The eccentric Russian president of the world chess federation will not step down despite calls from his colleagues, who say the US sanctions against him have cut the organisation off from financing.
Kirsan Ilyumzhinov, a multimillionaire ally of Vladimir Putin who has visited dictators like Bashar al-Assad and claims to have once been abducted by aliens, told The Telegraph he would not resign and would in fact seek re-election in October’s vote. He has been in office since 1995.
“I’m normal, I’m physically healthy, I feel strong. My goal is for a billion people to play chess, so I will run for president of FIDE,” he said, referring to the organisation by its common French acronym.
After a session on Sunday in Belarus, the FIDE presidential board said it was referring Mr Ilyumzhinov to the ethics commission for “spreading lies and defamatory statements” and that he should resign immediately.
UBS will close FIDE’s accounts on April 30, and other banks have refused to take on the chess body as a client as long as its president is under US sanctions, the board said.
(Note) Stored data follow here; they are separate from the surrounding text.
(* Let $n\ge 5$, $k\ge 2$ with $n-k\ge 2$, let $1\le i\le k$, and let $I\subseteq\langle n\rangle$ be nonempty. Then the subgraph $A^{(i,I)}_{n,k}$ of $A_{n,k}$ is Hamiltonian connected, i.e. for any two distinct vertices $u,v$ of $A^{(i,I)}_{n,k}$ there is a path from $u$ to $v$ visiting every vertex of $A^{(i,I)}_{n,k}$ exactly once.
   Context: For integers $n>k\ge 1$, let $\langle n\rangle=\{1,\dots,n\}$. The arrangement graph $A_{n,k}$ has vertex set the set of all sequences $u=u_1u_2\cdots u_k$ with $u_i\in\langle n\rangle$ and $u_i\ne u_j$ for $i\ne j$, and two vertices are adjacent iff they differ in exactly one position. For $l\in\langle k\rangle$ and $I\subseteq\langle n\rangle$, $A^{(l,I)}_{n,k}$ denotes the subgraph of $A_{n,k}$ induced by the set of vertices $p=p_1\cdots p_k$ with $p_l\in I$ (for $I=\{j\}$ this is written $A^{(l,j)}_{n,k}$, and it is isomorphic to $A_{n-1,k-1}$). *)

theory Defs
  imports Main
begin

text \<open>Vertices of the arrangement graph A(n,k): sequences u_1...u_k of pairwise distinct
 elements of {1..n}, represented as lists of length k (position l is the list index l-1).\<close>
definition arr_vertices :: "nat \<Rightarrow> nat \<Rightarrow> nat list set" where
  "arr_vertices n k = {u. length u = k \<and> distinct u \<and> set u \<subseteq> {1..n}}"

definition arr_adj :: "nat list \<Rightarrow> nat list \<Rightarrow> bool" where
  "arr_adj u v \<longleftrightarrow> length u = length v \<and> card {j. j < length u \<and> u ! j \<noteq> v ! j} = 1"

definition arr_sub_vertices :: "nat \<Rightarrow> nat \<Rightarrow> nat \<Rightarrow> nat set \<Rightarrow> nat list set" where
  "arr_sub_vertices n k l I = {p \<in> arr_vertices n k. p ! (l - 1) \<in> I}"

definition ham_path :: "('a \<Rightarrow> 'a \<Rightarrow> bool) \<Rightarrow> 'a set \<Rightarrow> 'a \<Rightarrow> 'a \<Rightarrow> 'a list \<Rightarrow> bool" where
  "ham_path adj V u v P \<longleftrightarrow> P \<noteq> [] \<and> hd P = u \<and> last P = v \<and> distinct P \<and> set P = V
     \<and> (\<forall>j. Suc j < length P \<longrightarrow> adj (P ! j) (P ! Suc j))"

definition hamiltonian_connected :: "('a \<Rightarrow> 'a \<Rightarrow> bool) \<Rightarrow> 'a set \<Rightarrow> bool" where
  "hamiltonian_connected adj V \<longleftrightarrow>
     (\<forall>u\<in>V. \<forall>v\<in>V. u \<noteq> v \<longrightarrow> (\<exists>P. ham_path adj V u v P))"

end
The United States sanctioned Mr Ilyumzhinov along with his Russian Financial Alliance Bank in 2015 for “materially assisting and acting for or on behalf of the Government of Syria”.
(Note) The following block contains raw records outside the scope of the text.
lemma nn_integral_periodic_tail_le:
  fixes \<phi> F :: "real \<Rightarrow> real" and B :: "nat \<Rightarrow> real"
  assumes P: "0 < P" and F[measurable]: "F \<in> borel_measurable borel" and F0: "\<And>\<omega>. 0 \<le> F \<omega>"
    and period: "\<And>c. (\<integral>\<^sup>+\<omega>. ennreal (indicator {c..c + P} \<omega> * F \<omega>) \<partial>lborel) = ennreal I"
    and bound: "\<And>k \<omega>. \<omega> \<in> {A + real k * P..A + real k * P + P} \<Longrightarrow> \<phi> \<omega> \<le> B k"
  shows "(\<integral>\<^sup>+\<omega>. ennreal (indicator {A..} \<omega> * \<phi> \<omega> * F \<omega>) \<partial>lborel) \<le> (\<Sum>k. ennreal (B k)) * ennreal I"
proof -
  let ?J = "\<lambda>k. {A + real k * P..A + real k * P + P}"
  have "ennreal (indicator {A..} \<omega> * \<phi> \<omega> * F \<omega>) \<le> (\<Sum>k. ennreal (B k) * ennreal (indicator (?J k) \<omega> * F \<omega>))" for \<omega>
  proof (cases "A \<le> \<omega>")
    case True
    define k where "k = nat \<lfloor>(\<omega> - A) / P\<rfloor>"
    have "real k \<le> (\<omega> - A) / P" "(\<omega> - A) / P < real k + 1"
      using True P by (simp_all add: k_def)
    then have k: "\<omega> \<in> ?J k" using P by (simp add: field_simps)
    have "ennreal (indicator {A..} \<omega> * \<phi> \<omega> * F \<omega>) \<le> ennreal (B k * F \<omega>)"
      using True bound[OF k] F0[of \<omega>] by (intro ennreal_leI) (simp add: mult_right_mono)
    also have "\<dots> \<le> ennreal (B k) * ennreal (indicator (?J k) \<omega> * F \<omega>)"
      using k F0[of \<omega>] by (cases "0 \<le> B k") (auto simp: ennreal_mult ennreal_neg mult_nonpos_nonneg)
    also have "\<dots> \<le> (\<Sum>k. ennreal (B k) * ennreal (indicator (?J k) \<omega> * F \<omega>))"
      using sum_le_suminf[OF summableI, of "{k}"] by simp
    finally show ?thesis .
  qed simp
  then have "(\<integral>\<^sup>+\<omega>. ennreal (indicator {A..} \<omega> * \<phi> \<omega> * F \<omega>) \<partial>lborel) \<le>
      (\<integral>\<^sup>+\<omega>. (\<Sum>k. ennreal (B k) * ennreal (indicator (?J k) \<omega> * F \<omega>)) \<partial>lborel)"
    by (rule nn_integral_mono)
  also have "\<dots> = (\<Sum>k. ennreal (B k) * ennreal I)"
    by (subst nn_integral_suminf) (auto simp: nn_integral_cmult period)
  finally show ?thesis by simp
qed

definition real_zeta :: "real \<Rightarrow> real" where
  "real_zeta s = (\<Sum>k. (real k + 1) powr (- s))"

lemma summable_real_zeta: "1 < s \<Longrightarrow> summable (\<lambda>k. (real k + 1) powr (- s))"
  using summable_Suc_iff[of "\<lambda>k. real k powr (- s)"] summable_real_powr_iff[of "- s"]
  by (simp add: add.commute)

lemma real_zeta_nonneg: "1 < s \<Longrightarrow> 0 \<le> real_zeta s"
  unfolding real_zeta_def by (intro suminf_nonneg summable_real_zeta) auto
Mr Ilyumzhinov said he had missed the FIDE meeting because of a regular medical procedure. He argued, however, that the group had not “seen any problems with financing or lack of sponsors” while holding events like world championship between Magnus Carlsen and Sergey Karjakin in November 2016, which he was unable to attend.
“Since 2014, I’ve made more than 100 international trips, visited dozens of countries and participated in many events, so I think the statement that I’m hindering FIDE is baseless,” he said. “On the contrary, I’m propagandising the development chess.”
Mr Ilyumzhinov wrote a letter to president Donald Trump this year asking to reconsider his request for a US visa, he added, saying he was “ready to answer all questions”.
Controversy has rarely been far behind Mr Ilyumzhinov, who defeated self-exiled Russian grandmaster Garry Kasparov to retain the FIDE presidency in 2014 and says he has spent millions of dollars of his own money on chess.
While serving as head of Russia’s Kalmykia republic in 1997, he claimed that beings in yellow spacesuits abducted him from an apartment balcony.
He traveled to Tripoli to play chess with Muammar Gaddafi during the Nato bombing campaign in 2011 and also visited Saddam Hussein shortly before the US invasion.